=== Action item ===
Line by line, restate the material exactly.
....
lemma cut_matching_Un:
  assumes "cut_matching k S a" "cut_matching k S' b" "S \<inter> S' = {}"
  shows "cut_matching k (S \<union> S') (a + b)"
proof -
  obtain M where M: "finite M" "a \<le> card M" "\<forall>e\<in>M. cut_edge k S e"
      "\<forall>e\<in>M. \<forall>e'\<in>M. e \<noteq> e' \<longrightarrow> e \<inter> e' = {}"
    using assms(1) unfolding cut_matching_def is_matching_def by auto
  obtain M' where M': "finite M'" "b \<le> card M'" "\<forall>e\<in>M'. cut_edge k S' e"
      "\<forall>e\<in>M'. \<forall>e'\<in>M'. e \<noteq> e' \<longrightarrow> e \<inter> e' = {}"
    using assms(2) unfolding cut_matching_def is_matching_def by auto
  have apart: "e \<inter> e' = {}" if "e \<in> M" "e' \<in> M'" for e e'
    using M(3) M'(3) assms(3) cut_edge_fst that by blast
  have "e \<noteq> {}" if "e \<in> M" for e
    using M(3) that unfolding cut_edge_def by auto
  then have "M \<inter> M' = {}"
    using apart by blast
  then have "card (M \<union> M') = card M + card M'"
    using M(1) M'(1) by (simp add: card_Un_disjoint)
  moreover have "\<forall>e\<in>M \<union> M'. cut_edge k (S \<union> S') e"
    using M(3) M'(3) cut_edge_mono by blast
  moreover have "\<forall>e\<in>M \<union> M'. \<forall>e'\<in>M \<union> M'. e \<noteq> e' \<longrightarrow> e \<inter> e' = {}"
    using M(4) M'(4) apart by (metis Int_commute Un_iff)
  ultimately show ?thesis
    unfolding cut_matching_def is_matching_def using M(1,2) M'(1,2)
    by (intro exI[of _ "M \<union> M'"]) auto
qed

lemma cut_matching_of_classes:
  fixes \<pi> :: "nat list \<times> nat \<Rightarrow> 'b"
  assumes "finite I" and edge: "\<And>i. i \<in> I \<Longrightarrow> \<exists>e. cut_edge k S e \<and> (\<forall>z\<in>e. \<pi> z = i)"
  shows "cut_matching k S (card I)"
proof -
  obtain ed where ed: "\<And>i. i \<in> I \<Longrightarrow> cut_edge k S (ed i) \<and> (\<forall>z\<in>ed i. \<pi> z = i)"
    using edge by metis
  have "ed i \<noteq> {}" if "i \<in> I" for i
    using ed[OF that] unfolding cut_edge_def by auto
  then have "inj_on ed I"
    using ed by (metis equals0I inj_onI)
  then have "card (ed ` I) = card I"
    by (rule card_image)
  moreover have "ed i \<inter> ed j = {}" if "i \<in> I" "j \<in> I" "ed i \<noteq> ed j" for i j
    using ed[OF that(1)] ed[OF that(2)] that(3) by (metis disjoint_iff)
  ultimately show ?thesis
    unfolding cut_matching_def is_matching_def using assms(1) ed
    by (intro exI[of _ "ed ` I"]) auto
qed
....
=== Response below ===
lemma cut_matching_Un:
  assumes "cut_matching k S a" "cut_matching k S' b" "S \<inter> S' = {}"
  shows "cut_matching k (S \<union> S') (a + b)"
proof -
  obtain M where M: "finite M" "a \<le> card M" "\<forall>e\<in>M. cut_edge k S e"
      "\<forall>e\<in>M. \<forall>e'\<in>M. e \<noteq> e' \<longrightarrow> e \<inter> e' = {}"
    using assms(1) unfolding cut_matching_def is_matching_def by auto
  obtain M' where M': "finite M'" "b \<le> card M'" "\<forall>e\<in>M'. cut_edge k S' e"
      "\<forall>e\<in>M'. \<forall>e'\<in>M'. e \<noteq> e' \<longrightarrow> e \<inter> e' = {}"
    using assms(2) unfolding cut_matching_def is_matching_def by auto
  have apart: "e \<inter> e' = {}" if "e \<in> M" "e' \<in> M'" for e e'
    using M(3) M'(3) assms(3) cut_edge_fst that by blast
  have "e \<noteq> {}" if "e \<in> M" for e
    using M(3) that unfolding cut_edge_def by auto
  then have "M \<inter> M' = {}"
    using apart by blast
  then have "card (M \<union> M') = card M + card M'"
    using M(1) M'(1) by (simp add: card_Un_disjoint)
  moreover have "\<forall>e\<in>M \<union> M'. cut_edge k (S \<union> S') e"
    using M(3) M'(3) cut_edge_mono by blast
  moreover have "\<forall>e\<in>M \<union> M'. \<forall>e'\<in>M \<union> M'. e \<noteq> e' \<longrightarrow> e \<inter> e' = {}"
    using M(4) M'(4) apart by (metis Int_commute Un_iff)
  ultimately show ?thesis
    unfolding cut_matching_def is_matching_def using M(1,2) M'(1,2)
    by (intro exI[of _ "M \<union> M'"]) auto
qed

lemma cut_matching_of_classes:
  fixes \<pi> :: "nat list \<times> nat \<Rightarrow> 'b"
  assumes "finite I" and edge: "\<And>i. i \<in> I \<Longrightarrow> \<exists>e. cut_edge k S e \<and> (\<forall>z\<in>e. \<pi> z = i)"
  shows "cut_matching k S (card I)"
proof -
  obtain ed where ed: "\<And>i. i \<in> I \<Longrightarrow> cut_edge k S (ed i) \<and> (\<forall>z\<in>ed i. \<pi> z = i)"
    using edge by metis
  have "ed i \<noteq> {}" if "i \<in> I" for i
    using ed[OF that] unfolding cut_edge_def by auto
  then have "inj_on ed I"
    using ed by (metis equals0I inj_onI)
  then have "card (ed ` I) = card I"
    by (rule card_image)
  moreover have "ed i \<inter> ed j = {}" if "i \<in> I" "j \<in> I" "ed i \<noteq> ed j" for i j
    using ed[OF that(1)] ed[OF that(2)] that(3) by (metis disjoint_iff)
  ultimately show ?thesis
    unfolding cut_matching_def is_matching_def using assms(1) ed
    by (intro exI[of _ "ed ` I"]) auto
qed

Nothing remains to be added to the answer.